- YOUR GOAL: Your answer should be the lines below from the one holding "using C1_bounded_if_commutative[OF assms]" through the one holding "- length x))", copied exactly and with nothing else.

- WORKING DATA:
lemma interleave_padded_before:
  assumes "p + length x \<le> q" "p + length x + r = q + length y + s"
  shows "interleave (padded p x r) (padded q y s) = x @ y"
proof -
  obtain k where q: "q = p + length x + k"
    using le_Suc_ex[OF assms(1)] by blast
  have "padded p x r = (replicate p None @ map Some x) @ replicate r None"
    and "padded q y s = replicate (length (replicate p None @ map Some x)) None @
      replicate k None @ map Some y @ replicate s None"
    by (simp_all add: padded_def q replicate_add)
  moreover have "r = length (replicate k None @ map Some y @ replicate s None)"
    using assms(2) q by simp
  ultimately show ?thesis
    by (simp only: interleave_append length_replicate interleave_None_left interleave_None_right)
      simp
qed

lemma interleave_padded_after:
  assumes "q + length y \<le> p" "p + length x + r = q + length y + s"
  shows "interleave (padded p x r) (padded q y s) = y @ x"
proof -
  obtain k where p: "p = q + length y + k"
    using le_Suc_ex[OF assms(1)] by blast
  have "padded q y s = (replicate q None @ map Some y) @ replicate s None"
    and "padded p x r = replicate (length (replicate q None @ map Some y)) None @
      replicate k None @ map Some x @ replicate r None"
    by (simp_all add: padded_def p replicate_add)
  moreover have "s = length (replicate k None @ map Some x @ replicate r None)"
    using assms(2) p by simp
  ultimately show ?thesis
    by (simp only: interleave_append length_replicate interleave_None_left interleave_None_right)
      simp
qed

lemma interleave_framed:
  assumes "length xs = length ys"
  shows "interleave (map Some u @ xs @ map Some v @ replicate k None)
      (replicate (length u) None @ ys @ replicate (length v + k) None) = u @ interleave xs ys @ v"
proof -
  have "interleave (map Some u) (replicate (length u) None) = u"
    using interleave_None_right[of "map Some u"] by simp
  moreover have "interleave (map Some v @ replicate k None) (replicate (length v + k) None) = v"
    using interleave_None_right[of "map Some v @ replicate k None"] by simp
  ultimately show ?thesis
    using assms by (simp add: interleave_append)
qed

lemma foldl_closed: "q \<in> Q \<Longrightarrow> \<forall>q\<in>Q. \<forall>a. \<delta> q a \<in> Q \<Longrightarrow> foldl \<delta> q w \<in> Q"
  by (induct w arbitrary: q) auto

lemma C1_bounded_if_commutative:
  assumes "regular L" "synt_monoid_commutative L"
  obtains B where "\<And>n. C1 (\<lambda>xs ys. interleave xs ys \<in> L) (inputs n) (inputs n) \<le> B"
proof -
  obtain Q :: "nat set" and \<delta> q0 F where "finite Q" and q0: "q0 \<in> Q"
    and closed: "\<forall>q\<in>Q. \<forall>a. \<delta> q a \<in> Q" and L: "L = {w. foldl \<delta> q0 w \<in> F}"
    using assms(1) unfolding regular_def by blast
  define g where "g xs = foldl \<delta> q0 (word_of xs)" for xs :: "'a option list"
  define h where "h ys = {p\<in>Q. foldl \<delta> p (word_of ys) \<in> F}" for ys :: "'a option list"
  have accept: "interleave xs ys \<in> L \<longleftrightarrow> g xs \<in> h ys"
    if "xs \<in> inputs n" "ys \<in> inputs n" for n xs ys
  proof -
    have "synt_equiv L (interleave xs ys) (word_of xs @ word_of ys)"
      using synt_equiv_interleave[OF assms(2)] that by (simp add: inputs_def)
    then have "[] @ interleave xs ys @ [] \<in> L \<longleftrightarrow> [] @ (word_of xs @ word_of ys) @ [] \<in> L"
      unfolding synt_equiv_def by blast
    then show ?thesis
      unfolding L g_def h_def using foldl_closed[OF q0 closed] by auto
  qed
  have "C1 (\<lambda>xs ys. interleave xs ys \<in> L) (inputs n) (inputs n) \<le> card Q * 2 ^ card Q" for n
  proof (rule C1_le_if_membership_factorization[OF \<open>finite Q\<close>])
    show "g xs \<in> Q" for xs
      unfolding g_def using foldl_closed[OF q0 closed] .
    show "h ys \<subseteq> Q" for ys
      unfolding h_def by blast
  qed (rule accept)
  then show ?thesis
    using that by blast
qed

lemma N1_lang_bigo_1_if_commutative:
  assumes "regular L" "synt_monoid_commutative L"
  shows "N1_lang L \<in> O(\<lambda>_. 1)"
proof -
  obtain B where B: "\<And>n. C1 (\<lambda>xs ys. interleave xs ys \<in> L) (inputs n) (inputs n) \<le> B"
    using C1_bounded_if_commutative[OF assms] by blast
  have "norm (N1_lang L n) \<le> norm (log 2 (real (max 1 B)))" for n
    using B[of n] unfolding N1_lang_def N1_def by simp
  then have "N1_lang L \<in> O(\<lambda>_. log 2 (real (max 1 B)))"
    by (intro landau_o.big_mono) simp
  then show ?thesis
    using bigo_const landau_o.big_trans by blast
qed

text \<open>If uxyv \<in> L but uyxv \<notin> L, let Alice hold x in slot i and Bob hold y in slot j of
  a row of d slots of width |x| + |y|: the interleaved word is u x y v when i \<le> j and
  u y x v otherwise.\<close>

lemma C1_ge_if_noncommuting:
  fixes L :: "'a::finite list set"
  assumes in_L: "u @ x @ y @ v \<in> L" and notin_L: "u @ y @ x @ v \<notin> L"
    and n: "length u + length v + d * (length x + length y) \<le> n"
  shows "d \<le> C1 (\<lambda>xs ys. interleave xs ys \<in> L) (inputs n) (inputs n)"
proof -
  define K where "K = length x + length y"
  define k where "k = n - (length u + length v + d * K)"
  define a where "a i = map Some u @ padded (i * K) x (d * K - i * K - length x)
    @ map Some v @ replicate k None" for i
  define b where "b j = replicate (length u) None @ padded (j * K + length x) y (d * K - j * K - K)
    @ replicate (length v + k) None" for j
  have slot: "i * K + K \<le> d * K" if "i < d" for i
    using mult_le_mono1[of "Suc i" d K] that by simp
  have mid: "interleave (padded (i * K) x (d * K - i * K - length x))
      (padded (j * K + length x) y (d * K - j * K - K)) = (if i \<le> j then x @ y else y @ x)"
    if "i < d" "j < d" for i j
  proof (cases "i \<le> j")
    case True
    then show ?thesis
      using mult_le_mono1[of i j K] slot[OF \<open>i < d\<close>] slot[OF \<open>j < d\<close>]
      unfolding K_def by (subst interleave_padded_before) auto
  next
    case False
    then show ?thesis
      using mult_le_mono1[of "Suc j" i K] slot[OF \<open>i < d\<close>] slot[OF \<open>j < d\<close>]
      unfolding K_def by (subst interleave_padded_after) auto
  qed
  have fooling: "interleave (a i) (b j) \<in> L \<longleftrightarrow> i \<le> j" if "i < d" "j < d" for i j
  proof -
    have "interleave (a i) (b j) = u @ (if i \<le> j then x @ y else y @ x) @ v"
      unfolding a_def b_def
      using slot[OF \<open>i < d\<close>] slot[OF \<open>j < d\<close>] mid[OF that]
      by (subst interleave_framed) (auto simp: K_def)
    then show ?thesis
      using in_L notin_L by auto
  qed
  have "a i \<in> inputs n \<and> b i \<in> inputs n" if "i < d" for i
    using slot[OF that] n unfolding a_def b_def k_def inputs_def K_def by auto
  with fooling show ?thesis
    by (intro card_le_C1_if_fooling_set[where a = a and b = b] one_cover_exists finite_inputs) auto
qed

lemma div_le_C1_if_noncommuting:
  fixes L :: "'a::finite list set"
  assumes "u @ x @ y @ v \<in> L" "u @ y @ x @ v \<notin> L"
  shows "(n - (length u + length v)) div (length x + length y)
    \<le> C1 (\<lambda>xs ys. interleave xs ys \<in> L) (inputs n) (inputs n)"
proof (cases "length u + length v \<le> n")
  case True
  let ?c = "length u + length v" and ?K = "length x + length y"
  have "?c + (n - ?c) div ?K * ?K \<le> n"
    using div_times_less_eq_dividend[of "n - ?c" ?K] True by linarith
  then show ?thesis
    by (rule C1_ge_if_noncommuting[OF assms])
qed simp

- OUTPUT FOR THIS TASK:
    using C1_bounded_if_commutative[OF assms] by blast
  have "norm (N1_lang L n) \<le> norm (log 2 (real (max 1 B)))" for n
    using B[of n] unfolding N1_lang_def N1_def by simp
  then have "N1_lang L \<in> O(\<lambda>_. log 2 (real (max 1 B)))"
    by (intro landau_o.big_mono) simp
  then show ?thesis
    using bigo_const landau_o.big_trans by blast
qed

text \<open>If uxyv \<in> L but uyxv \<notin> L, let Alice hold x in slot i and Bob hold y in slot j of
  a row of d slots of width |x| + |y|: the interleaved word is u x y v when i \<le> j and
  u y x v otherwise.\<close>

lemma C1_ge_if_noncommuting:
  fixes L :: "'a::finite list set"
  assumes in_L: "u @ x @ y @ v \<in> L" and notin_L: "u @ y @ x @ v \<notin> L"
    and n: "length u + length v + d * (length x + length y) \<le> n"
  shows "d \<le> C1 (\<lambda>xs ys. interleave xs ys \<in> L) (inputs n) (inputs n)"
proof -
  define K where "K = length x + length y"
  define k where "k = n - (length u + length v + d * K)"
  define a where "a i = map Some u @ padded (i * K) x (d * K - i * K - length x)
    @ map Some v @ replicate k None" for i
  define b where "b j = replicate (length u) None @ padded (j * K + length x) y (d * K - j * K - K)
    @ replicate (length v + k) None" for j
  have slot: "i * K + K \<le> d * K" if "i < d" for i
    using mult_le_mono1[of "Suc i" d K] that by simp
  have mid: "interleave (padded (i * K) x (d * K - i * K - length x))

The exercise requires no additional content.